(Records from a collection)

===

lemma line_integral_subpath:
  fixes g :: "'a::metric_space \<Rightarrow> ennreal"
  assumes "continuous_on {0..l} \<gamma>" "0 \<le> l" "g \<in> borel_measurable borel" "0 \<le> a" "b \<le> l"
  shows "line_integral (\<lambda>t. \<gamma> (a + t)) (b - a) g = (\<integral>\<^sup>+ s. g (\<gamma> s) * indicator {a..b} s \<partial>lborel)"
proof -
  have "(\<integral>\<^sup>+ s. g (\<gamma> s) * indicator {a..b} s \<partial>lborel)
        = ennreal \<bar>1\<bar> * (\<integral>\<^sup>+ x. g (\<gamma> (a + 1 * x)) * indicator {a..b} (a + 1 * x) \<partial>lborel)"
    using nn_integral_real_affine[OF borel_measurable_along_curve[OF assms], of 1 a] by simp
  also have "\<dots> = line_integral (\<lambda>t. \<gamma> (a + t)) (b - a) g"
    unfolding line_integral_def by (auto intro!: nn_integral_cong simp: indicator_def)
  finally show ?thesis by simp
qed

lemma line_integral_subpath_le:
  fixes g :: "'a::metric_space \<Rightarrow> ennreal"
  assumes "continuous_on {0..l} \<gamma>" "g \<in> borel_measurable borel" "0 \<le> a" "a \<le> b" "b \<le> l"
  shows "line_integral (\<lambda>t. \<gamma> (a + t)) (b - a) g \<le> line_integral \<gamma> l g"
proof -
  have "line_integral (\<lambda>t. \<gamma> (a + t)) (b - a) g = (\<integral>\<^sup>+ s. g (\<gamma> s) * indicator {a..b} s \<partial>lborel)"
    using assms by (intro line_integral_subpath[where l=l]) auto
  also have "\<dots> \<le> line_integral \<gamma> l g"
    unfolding line_integral_def by (rule nn_integral_mono) (use assms in \<open>auto simp: indicator_def\<close>)
  finally show ?thesis .
qed

lemma has_integral_along_curve:
  fixes g :: "'a::metric_space \<Rightarrow> ennreal" and \<gamma> :: "real \<Rightarrow> 'a"
  assumes "continuous_on {0..l} \<gamma>" "0 \<le> l" "g \<in> borel_measurable borel" "0 \<le> a" "b \<le> l"
    and fin: "(\<integral>\<^sup>+ s. g (\<gamma> s) * indicator {a..b} s \<partial>lborel) < \<infinity>"
  shows "((\<lambda>s. enn2real (g (\<gamma> s))) has_integral
           enn2real (\<integral>\<^sup>+ s. g (\<gamma> s) * indicator {a..b} s \<partial>lborel)) {a..b}"
proof -
  let ?h = "\<lambda>s. g (\<gamma> s) * indicator {a..b} s"
  have m: "?h \<in> borel_measurable borel" using borel_measurable_along_curve assms by blast
  have "AE s in lborel. ?h s \<noteq> \<infinity>"
    using nn_integral_noteq_infinite[of ?h lborel] m fin by (auto simp: less_top)
  then have "(\<integral>\<^sup>+ s. ennreal (enn2real (?h s)) \<partial>lborel) = (\<integral>\<^sup>+ s. ?h s \<partial>lborel)"
    by (intro nn_integral_cong_AE) (auto simp: less_top)
  also have "\<dots> = ennreal (enn2real (\<integral>\<^sup>+ s. ?h s \<partial>lborel))"
    using fin by (simp add: less_top)
  finally have "((\<lambda>s. enn2real (?h s)) has_integral enn2real (\<integral>\<^sup>+ s. ?h s \<partial>lborel)) UNIV"
    using m by (intro nn_integral_has_integral) auto
  moreover have "(\<lambda>s. enn2real (?h s)) = (\<lambda>s. if s \<in> {a..b} then enn2real (g (\<gamma> s)) else 0)"
    by (auto simp: indicator_def fun_eq_iff)
  ultimately show ?thesis using has_integral_restrict_UNIV by metis
qed

section \<open>The upper gradient inequality for a minimum\<close>

lemma le_Henstock_errors:
  fixes d c g1 g2 g3 I1 I2 I3 :: real
  assumes "min g1 g2 \<le> g3" "0 \<le> c" "d \<le> I1" "d \<le> I2"
  shows "d \<le> I3 + \<bar>c * g1 - I1\<bar> + \<bar>c * g2 - I2\<bar> + \<bar>c * g3 - I3\<bar>"
proof (cases "g1 \<le> g3")
  case True
  then have "c * g1 \<le> c * g3" using assms(2) by (rule mult_left_mono)
  then show ?thesis using assms(3) by linarith
next
  case False
  then have "c * g2 \<le> c * g3" using assms(1,2) by (intro mult_left_mono) auto
  then show ?thesis using assms(4) by linarith
qed
lemma gen_lim_eq:
  "gen_lim \<alpha> lam F y = lam * y * F 1 y + y * F 2 y - (if \<alpha> < 1/2 then 0 else 1) * y\<^sup>2 * F 1 y"
  unfolding gen_lim_def by (simp add: algebra_simps power2_eq_square)

lemma gen_N_error_le:
  fixes \<alpha> lam :: real and F :: "nat \<Rightarrow> real \<Rightarrow> real"
  assumes \<alpha>: "0 < \<alpha>" "\<alpha> \<le> 1/2" and F: "smooth_cc F"
    and R: "\<And>n x. x > R \<Longrightarrow> F n x = 0"
    and B1: "\<And>x. x \<ge> 0 \<Longrightarrow> \<bar>F 1 x\<bar> \<le> B1"
    and B2: "\<And>x. x \<ge> 0 \<Longrightarrow> \<bar>F 2 x\<bar> \<le> B2"
    and B3: "\<And>x. x \<ge> 0 \<Longrightarrow> \<bar>F 3 x\<bar> \<le> B3"
    and N: "1 \<le> N" and k: "k \<le> N"
  defines "Y \<equiv> max R 0 + 1"
  shows "\<bar>gen_N \<alpha> lam N (F 0) k - gen_lim \<alpha> lam F (real k / real N powr \<alpha>)\<bar>
     \<le> (Y * B3 + \<bar>lam\<bar> * Y * B2 + Y\<^sup>2 * B2 + Y\<^sup>2 * B1 + \<bar>lam\<bar> * Y\<^sup>2 * B1)
        * (1 / real N powr \<alpha> + \<bar>(real N powr \<alpha>)\<^sup>2 / real N - (if \<alpha> < 1/2 then 0 else 1)\<bar>)"
proof -
  define h where "h = 1 / real N powr \<alpha>"
  define p where "p = (real N powr \<alpha>)\<^sup>2 / real N"
  define y where "y = real k / real N powr \<alpha>"
  define \<gamma> :: real where "\<gamma> = (if \<alpha> < 1/2 then 0 else 1)"
  define C where "C = Y * B3 + \<bar>lam\<bar> * Y * B2 + Y\<^sup>2 * B2 + Y\<^sup>2 * B1 + \<bar>lam\<bar> * Y\<^sup>2 * B1"
  have s: "1 \<le> real N powr \<alpha>"
    using N \<alpha> by (intro ge_one_powr_ge_zero) auto
  then have h: "0 < h" "h \<le> 1"
    using N by (auto simp: h_def divide_le_eq)
  have p: "0 \<le> p" "p \<le> 1"
  proof -
    have "(real N powr \<alpha>)\<^sup>2 = real N powr (2 * \<alpha>)"
      using N by (simp add: powr_power)
    also have "\<dots> \<le> real N powr 1"
      using N \<alpha> by (intro powr_mono) auto
    finally show "p \<le> 1"
      using N by (simp add: p_def)
  qed (simp add: p_def)
  have "0 \<le> B1" "0 \<le> B2" "0 \<le> B3"
    using B1[of 0] B2[of 0] B3[of 0] by auto
  then have rhs_nonneg: "0 \<le> C * (h + \<bar>p - \<gamma>\<bar>)"
    using h by (simp add: C_def Y_def)
  have gN: "gen_N \<alpha> lam N (F 0) k =
      ((1 + lam * h) * y * (1 - p * y * h) * (F 0 (y + h) - F 0 y) + y * (F 0 (y - h) - F 0 y)) / h\<^sup>2"
    using gen_N_eq_difference_quotient[OF N k] unfolding h_def p_def y_def .
  have gl: "gen_lim \<alpha> lam F y = lam * y * F 1 y + y * F 2 y - \<gamma> * y\<^sup>2 * F 1 y"
    unfolding gen_lim_eq \<gamma>_def ..
  have "\<bar>gen_N \<alpha> lam N (F 0) k - gen_lim \<alpha> lam F y\<bar> \<le> C * (h + \<bar>p - \<gamma>\<bar>)"
  proof (cases "k = 0 \<or> y > Y")
    case True
    then have "y = 0 \<or> (y - h > R \<and> y > R \<and> y + h > R)"
      using h by (auto simp: y_def Y_def)
    then have "gen_N \<alpha> lam N (F 0) k = 0 \<and> gen_lim \<alpha> lam F y = 0"
      using gN gl R by auto
    then show ?thesis
      using rhs_nonneg by simp
  next
    case False
    then have y: "h \<le> y" "y \<le> Y"
      using s by (auto simp: h_def y_def divide_right_mono)
    show ?thesis
      unfolding gN gl C_def
      by (rule second_difference_generator_error[OF h(1) _ y(2) p B1
            smooth_cc_difference_quotients[OF F B1 B2 B3 h(1) y(1)]])
         (use h y in auto)
  qed
  then show ?thesis
    unfolding y_def h_def p_def \<gamma>_def C_def .
qed

lemma powr_square_over_tendsto:
  fixes \<alpha> :: real
  assumes "0 < \<alpha>" "\<alpha> \<le> 1/2"
  shows "(\<lambda>N. (real N powr \<alpha>)\<^sup>2 / real N) \<longlonglongrightarrow> (if \<alpha> < 1/2 then 0 else 1)"
proof -
  have "\<forall>\<^sub>F N in sequentially. real N powr (2 * \<alpha> - 1) = (real N powr \<alpha>)\<^sup>2 / real N"
    using eventually_gt_at_top[of 0]
    by eventually_elim (simp add: powr_power powr_diff mult.commute)
  moreover have "(\<lambda>N. real N powr (2 * \<alpha> - 1)) \<longlonglongrightarrow> (if \<alpha> < 1/2 then 0 else 1)"
  proof (cases "\<alpha> < 1/2")
    case True
    then show ?thesis
      by (simp add: tendsto_neg_powr filterlim_real_sequentially)
  next
    case False
    then have "2 * \<alpha> - 1 = 0"
      using assms by simp
    have "\<forall>\<^sub>F N in sequentially. real N powr (2 * \<alpha> - 1) = 1"
      using eventually_gt_at_top[of 0] by (rule eventually_mono) (simp add: \<open>2 * \<alpha> - 1 = 0\<close>)
    then show ?thesis
      using False by (simp add: tendsto_eventually)
  qed
  ultimately show ?thesis
    by (rule Lim_transform_eventually[rotated])
qed

lemma gen_N_sup_error_le:
  fixes \<alpha> lam :: real and F :: "nat \<Rightarrow> real \<Rightarrow> real"
  assumes "0 < \<alpha>" "\<alpha> \<le> 1/2" "smooth_cc F"
  obtains C where "\<And>N. 1 \<le> N \<Longrightarrow>
    (SUP k\<in>{0..N}. \<bar>gen_N \<alpha> lam N (F 0) k - gen_lim \<alpha> lam F (real k / real N powr \<alpha>)\<bar>)
      \<le> C * (1 / real N powr \<alpha> + \<bar>(real N powr \<alpha>)\<^sup>2 / real N - (if \<alpha> < 1/2 then 0 else 1)\<bar>)"
proof -
  obtain R where R: "\<And>n x. x > R \<Longrightarrow> F n x = 0"
    using smooth_cc_vanishes[OF assms(3)] by blast
  obtain B1 B2 B3 where B: "\<And>x. x \<ge> 0 \<Longrightarrow> \<bar>F 1 x\<bar> \<le> B1"
      "\<And>x. x \<ge> 0 \<Longrightarrow> \<bar>F 2 x\<bar> \<le> B2" "\<And>x. x \<ge> 0 \<Longrightarrow> \<bar>F 3 x\<bar> \<le> B3"
    by (metis smooth_cc_bounded[OF assms(3)])
  define Y where "Y = max R 0 + 1"
  show ?thesis
  proof (rule that[of "Y * B3 + \<bar>lam\<bar> * Y * B2 + Y\<^sup>2 * B2 + Y\<^sup>2 * B1 + \<bar>lam\<bar> * Y\<^sup>2 * B1"],
      rule cSUP_least)
    fix N k :: nat
    assume "1 \<le> N" "k \<in> {0..N}"
    then show "\<bar>gen_N \<alpha> lam N (F 0) k - gen_lim \<alpha> lam F (real k / real N powr \<alpha>)\<bar>
      \<le> (Y * B3 + \<bar>lam\<bar> * Y * B2 + Y\<^sup>2 * B2 + Y\<^sup>2 * B1 + \<bar>lam\<bar> * Y\<^sup>2 * B1)
        * (1 / real N powr \<alpha> + \<bar>(real N powr \<alpha>)\<^sup>2 / real N - (if \<alpha> < 1/2 then 0 else 1)\<bar>)"
      unfolding Y_def by (intro gen_N_error_le[OF assms R B]) auto
  qed simp
qed

theorem lemma1:
  fixes \<alpha> lam :: real and F :: "nat \<Rightarrow> real \<Rightarrow> real"
  assumes "0 < \<alpha>" and "\<alpha> \<le> 1/2"
    and "smooth_cc F"
  shows "(\<lambda>N. SUP k\<in>{0..N}.
            \<bar>gen_N \<alpha> lam N (F 0) k - gen_lim \<alpha> lam F (real k / real N powr \<alpha>)\<bar>)
         \<longlonglongrightarrow> 0"
proof -
  let ?\<gamma> = "if \<alpha> < 1/2 then 0 else 1 :: real"
  obtain C where sup_le: "\<And>N. 1 \<le> N \<Longrightarrow>
    (SUP k\<in>{0..N}. \<bar>gen_N \<alpha> lam N (F 0) k - gen_lim \<alpha> lam F (real k / real N powr \<alpha>)\<bar>)
      \<le> C * (1 / real N powr \<alpha> + \<bar>(real N powr \<alpha>)\<^sup>2 / real N - ?\<gamma>\<bar>)"
    using gen_N_sup_error_le[OF assms] by blast
  have "(\<lambda>N. 1 / real N powr \<alpha>) \<longlonglongrightarrow> 0"
    using assms(1) by (simp add: powr_minus_divide[symmetric] tendsto_neg_powr filterlim_real_sequentially)
  moreover have "(\<lambda>N. \<bar>(real N powr \<alpha>)\<^sup>2 / real N - ?\<gamma>\<bar>) \<longlonglongrightarrow> 0"
    using powr_square_over_tendsto[OF assms(1,2)] by (simp add: LIM_zero tendsto_rabs_zero)
  ultimately have "(\<lambda>N. C * (1 / real N powr \<alpha> + \<bar>(real N powr \<alpha>)\<^sup>2 / real N - ?\<gamma>\<bar>)) \<longlonglongrightarrow> 0"
    using tendsto_mult_right_zero tendsto_add_zero by blast
  then show ?thesis
  proof (rule tendsto_sandwich[OF _ _ tendsto_const, rotated 2])
    show "\<forall>\<^sub>F N in sequentially. 0 \<le> (SUP k\<in>{0..N}.
        \<bar>gen_N \<alpha> lam N (F 0) k - gen_lim \<alpha> lam F (real k / real N powr \<alpha>)\<bar>)"
      by (intro always_eventually allI cSUP_upper2[of _ _ 0]) auto
  qed (rule eventually_mono[OF eventually_ge_at_top[of 1] sup_le])
qed
theorem theorem1:
  shows "(\<forall>x :: nat \<Rightarrow> bool list set.
            (\<forall>n. binary_tree (x n) \<and> finite (x n) \<and> x n \<noteq> {}) \<longrightarrow>
            filterlim (\<lambda>n. card (x n)) at_top sequentially \<longrightarrow>
            (\<forall>u. convergent (\<lambda>n. subtree_size (x n) u)) \<longrightarrow>
            (\<exists>!\<mu>. prob_space \<mu> \<and> sets \<mu> = sets Vinf \<and>
                  (\<forall>u. (\<lambda>n. subtree_size (x n) u) \<longlonglongrightarrow> measure \<mu> (cyl u))))
       \<and>
         (\<forall>(\<mu> :: (nat \<Rightarrow> bool) measure) (M :: 'a measure) (\<xi> :: nat \<Rightarrow> 'a \<Rightarrow> nat \<Rightarrow> bool).
            prob_space \<mu> \<longrightarrow> sets \<mu> = sets Vinf \<longrightarrow>
            prob_space M \<longrightarrow>
            prob_space.indep_vars M (\<lambda>_. Vinf) \<xi> UNIV \<longrightarrow>
            (\<forall>i. distr M Vinf (\<xi> i) = \<mu>) \<longrightarrow>
            (AE \<omega> in M. \<forall>u. (\<lambda>n. subtree_size (dst (\<lambda>i. \<xi> i \<omega>) n) u)
                                 \<longlonglongrightarrow> measure \<mu> (cyl u)))"
proof (intro conjI allI impI)
  fix x :: "nat \<Rightarrow> bool list set"
  assume "\<forall>n. binary_tree (x n) \<and> finite (x n) \<and> x n \<noteq> {}"
    and "filterlim (\<lambda>n. card (x n)) at_top sequentially"
    and "\<forall>u. convergent (\<lambda>n. subtree_size (x n) u)"
  then show "\<exists>!\<mu>. prob_space \<mu> \<and> sets \<mu> = sets Vinf \<and>
                  (\<forall>u. (\<lambda>n. subtree_size (x n) u) \<longlonglongrightarrow> measure \<mu> (cyl u))"
    by (intro ex1_measure_subtree_size_limit) auto
next
  fix \<mu> :: "(nat \<Rightarrow> bool) measure" and M :: "'a measure" and \<xi> :: "nat \<Rightarrow> 'a \<Rightarrow> nat \<Rightarrow> bool"
  \<comment> \<open>The hypotheses on \<open>\<mu>\<close> follow from \<open>\<mu>\<close> being the distribution of each \<open>\<xi> i\<close>.\<close>
  assume "prob_space M" "prob_space.indep_vars M (\<lambda>_. Vinf) \<xi> UNIV" "\<forall>i. distr M Vinf (\<xi> i) = \<mu>"
  then show "AE \<omega> in M. \<forall>u. (\<lambda>n. subtree_size (dst (\<lambda>i. \<xi> i \<omega>) n) u) \<longlonglongrightarrow> measure \<mu> (cyl u)"
    unfolding AE_all_countable using prob_space.AE_subtree_size_dst_LIMSEQ by blast
qed

end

===

All lines above from the one with "using N \<alpha> by (intro powr_mono)" to the one with "using h by (simp add: C_def Y_def)", inclusive, should be copied exactly, and no other lines.

### Your response
      using N \<alpha> by (intro powr_mono) auto
    finally show "p \<le> 1"
      using N by (simp add: p_def)
  qed (simp add: p_def)
  have "0 \<le> B1" "0 \<le> B2" "0 \<le> B3"
    using B1[of 0] B2[of 0] B3[of 0] by auto
  then have rhs_nonneg: "0 \<le> C * (h + \<bar>p - \<gamma>\<bar>)"
    using h by (simp add: C_def Y_def)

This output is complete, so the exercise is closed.